Эта недознающая с наверняка запущенной «воронкой» меня больше не интересовала. Она умрёт и не расскажет ничего полезного. Она уже давно не ниточка к ответам. Однако она – «узелок». Поставить точку в деле, которое так внезапно началось в Солнечной долине. И заняться следующим.
Вёртка уже находилась на постоялом дворе. Мысленно спросив её об обстановке, я получила ответом невнятное послание – обрывки образов, ощущение дикого возбуждения и никаких предупреждений. И, спрятав в карманах руки, полные искр, осторожно поднялась по гнилым ступеням. Ожидая ловушек на каждом шагу.
Но – зря. Ни пол подо мной не провалился, ни на голову ничего смертельного или связывающего не упало.
Скользнув внутрь, я быстро отступила к стене и обвела помещение внимательным взглядом.
Крохотная обеденная – едва ли с десяток столиков поместится. Гнилые деревянные стены – чёрные и вонючие. Пол скрипучий, ненадёжный, зияющий дырами. Как и потолок. По углам – обломки старой мебели. Даже странно, что в столь процветающем городе и на гостевой улице находится столь жалкое строение. Да, улочки у первой-второй стены во многих городах были бедными и рассчитанными на бедняков – на проходном дворе никто жить не хотел, – но и заброшенных до разрухи постоялых дворов я что-то не припомню.
Хотя…
Сырость. Мокрое дерево. Талый снег. Горячая кровь весны. И – пишущий. Наверняка ещё пару дней назад постоялый двор был вполне приличным – небогатым, но целым. А потом…
Капли крови Горды, зажатые в кулаке вместе с искрами, загорелись, возбудились, предчувствуя хозяйку. Я затаилась у стены и ожидала кого угодно – с их-то тягой к чужим обличьям. Она даже Зимом могла прикинуться.
…потом здесь что-то случилось.
Но Горда явилась сама собой – такой, какой её описывал «муж» Тихны. Молодая, высокая, рыжая, красивая. На вид – едва ли двадцать, выше меня на голову, с солнечно-рыжими волосами, собранными в беспечный хвост на макушке, и очень красивая. Большие светлые глаза, тонкие черты лица, подбородок с ямочкой, милая улыбка.
Вот только слова, сопровождающие солнечный облик, были отнюдь не милыми:
– Искорка… – протянула-пропела она, и глаза хищно прищурились. – Как же давно я мечтала встретить хоть кого-то из помнящих… А ты, оказывается, всегда была рядом.
– Ты бы меня не распознала, если бы встретила, – поведала я прохладно.
– Уверена? – Горда подходила медленно, крадучись, как голодная кошка. – Я уже убивала одну из вас.
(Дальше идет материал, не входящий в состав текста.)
lemma mono_on_quantile_of: "mono_on {0<..<1} (quantile_of M)"
proof (rule mono_onI)
  fix s t :: real assume st: "s \<in> {0<..<1}" "t \<in> {0<..<1}" "s \<le> t"
  show "quantile_of M s \<le> quantile_of M t"
  proof (rule ccontr)
    assume "\<not> ?thesis"
    then obtain z where z: "quantile_of M t < z" "z < quantile_of M s" using dense by (meson not_le)
    have "t < cdf M z" using cdf_gt_if_quantile_of_less z st by auto
    moreover have "cdf M z \<le> s" using cdf_le_if_less_quantile_of z st by auto
    ultimately show False using st by auto
  qed
qed

lemma quantile_of_notin_flat_interval:
  assumes flat: "\<And>u v. u \<in> {a<..<b} \<Longrightarrow> v \<in> {a<..<b} \<Longrightarrow> cdf M u = cdf M v"
    and t: "0 < t" "t < 1"
  shows "quantile_of M t \<notin> {a<..<b}"
proof
  let ?z = "quantile_of M t"
  assume z: "?z \<in> {a<..<b}"
  show False
  proof (cases "cdf M ?z \<le> t")
    case True
    define w where "w = (?z + b) / 2"
    have "w \<in> {a<..<b}" "w > ?z" using z by (auto simp: w_def)
    then have "cdf M w \<le> t" using flat[OF z] True by auto
    then show False using le_quantile_of[OF t] \<open>w > ?z\<close> by fastforce
  next
    case False
    define w where "w = (?z + a) / 2"
    have "w \<in> {a<..<b}" "w < ?z" using z by (auto simp: w_def)
    then have "t < cdf M w" using flat[OF z] False by auto
    then show False using quantile_of_le[OF t] \<open>w < ?z\<close> by fastforce
  qed
qed

lemma cdf_eq_on_null_interval:
  assumes "measure M {a<..<b} = 0" "u \<in> {a<..<b}" "v \<in> {a<..<b}"
  shows "cdf M u = cdf M v"
proof -
  have *: "cdf M v = cdf M u" if "u < v" "u \<in> {a<..<b}" "v \<in> {a<..<b}" for u v
  proof -
    have "cdf M v - cdf M u = measure M {u<..v}" using cdf_diff_eq that by auto
    also have "\<dots> \<le> measure M {a<..<b}"
      by (rule finite_measure_mono) (use that in auto)
    finally show ?thesis using assms(1) cdf_nondecreasing[of u v] that by auto
  qed
  show ?thesis using *[of u v] *[of v u] assms(2,3) by (cases u v rule: linorder_cases) auto
qed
За её спиной почудилось шевеление. Как я накрывалась невидимым плащом, так и она пряталась за ширмой-невидимкой у дальней стены. И теперь, когда чары спали, я заметила и ещё кое-кого. Зима, вплавленного в кусок льда – лишь нос наружу. И Вёртку, которая, пользуясь случаем, обвилась вокруг льдины, слабо засияв. По полу поползла разбухающая лужа.
– Уверена? – я улыбнулась, сжав кулаки.
– Солнца было очень много, – Горда только что не облизывалась. – Нам надолго хватило… Верна.
– Если бы это было моё солнце, то его хватило бы навсегда, – сухо заметила я. – Ты убила сильного пишущего. И приняла его горячую кровь за искру. Нет у вас знаний – понимать, чьё солнце светит. И необходимой силы – тоже.
– Кажется, ты пытаешься меня запугать? – она тихо рассмеялась, но глаза были насторожёнными, внимательными.
– Больше не буду, – заверила я.
И ударила первой – любимым пчелиным роем злых искр.
А Горда явно знала, чем прилетит, – мгновенно скрылась в ледяном панцире. Искры примёрзли ко льду, зло шипя, а в меня из щелей полетели острые сосульки. И растаяли на подлёте, сразу обратившись в пар.
Я сжала в ладонях горячее солнце. Горда выглянула из-за панциря, и он ощетинился сосульками. С мгновение мы внимательно наблюдали друг за другом, а потом она улыбнулась:
– Мы можем так бодаться очень долго, Верна.
– Нет, – мне некогда было смотреть за Вёрткой, но вот слушать её ничто не мешало. – Всё закончится очень быстро. Я слишком долго за тобой бегала, чтобы тратить время и на твою смерть.
– Какое самомнение… – в доме враз похолодало – Горда за шипастым панцирем чаровала что-то очень мерзкое.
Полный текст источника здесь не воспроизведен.